#### Supplied information
════════
lemma level_order_step_values:
  assumes "cayley x" "1 \<le> s" "s < length x"
  defines "u \<equiv> w1 (level_order x) s" and "w \<equiv> w1 (level_order x) (Suc s)"
  shows "w1 x w = w1 x u \<or> w1 x w = Suc (w1 x u)"
proof -
  let ?q = "level_order x"
  obtain k where k: "set x = {1..k}" using assms(1) by (auto simp: cayley_def)
  have u: "1 \<le> u" "u \<le> length x" "pos ?q u = s" and w: "1 \<le> w" "w \<le> length x"
    using perm_w1_bounds[OF is_perm_level_order, of s x] perm_w1_bounds[OF is_perm_level_order, of "Suc s" x]
      pos_w1[OF is_perm_level_order, of s x] assms(2,3)
    by (simp_all add: u_def w_def)
  have "level_key x u < level_key x w"
    using level_order_less_iff[of s x "Suc s"] assms(2,3) by (simp add: u_def w_def)
  then have "w1 x u \<le> w1 x w" by (auto simp: level_key_less_iff)
  moreover have "\<not> Suc (w1 x u) < w1 x w"
  proof
    assume gt: "Suc (w1 x u) < w1 x w"
    then have "Suc (w1 x u) \<in> set x" using w1_in_set[of w x] w k by auto
    then obtain v where v: "1 \<le> v" "v \<le> length x" "w1 x v = Suc (w1 x u)" by (auto elim: in_set_w1)
    then show False
      using level_order_consecutive[OF assms(2,3) v(1,2)] gt by (simp add: level_key_less_iff u_def w_def)
  qed
  ultimately show ?thesis by linarith
qed

lemma level_order_least_in_level:
  assumes "1 \<le> s" "s < length x"
    and up: "w1 x (w1 (level_order x) s) < w1 x (w1 (level_order x) (Suc s))"
    and m: "1 \<le> m" "m < w1 (level_order x) s"
  shows "w1 x m \<noteq> w1 x (w1 (level_order x) s)"
proof
  assume "w1 x m = w1 x (w1 (level_order x) s)"
  moreover have "m \<le> length x"
    using m perm_w1_bounds[OF is_perm_level_order, of s x] assms(1,2) by simp
  ultimately show False
    using level_order_consecutive[OF assms(1,2) m(1)] up m(2) by (simp add: level_key_less_iff)
qed

lemma level_order_greatest_in_level:
  assumes "1 \<le> s" "s < length x"
    and up: "w1 x (w1 (level_order x) s) < w1 x (w1 (level_order x) (Suc s))"
    and m: "w1 (level_order x) (Suc s) < m" "m \<le> length x"
  shows "w1 x m \<noteq> w1 x (w1 (level_order x) (Suc s))"
proof
  assume "w1 x m = w1 x (w1 (level_order x) (Suc s))"
  then show False
    using level_order_consecutive[OF assms(1,2) _ m(2)] up m(1) by (simp add: level_key_less_iff)
qed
════════
#### What this task involves
Return each line from the data where the string "False" can be found.

#### Solved problem
    then show False
  ultimately show False
  then show False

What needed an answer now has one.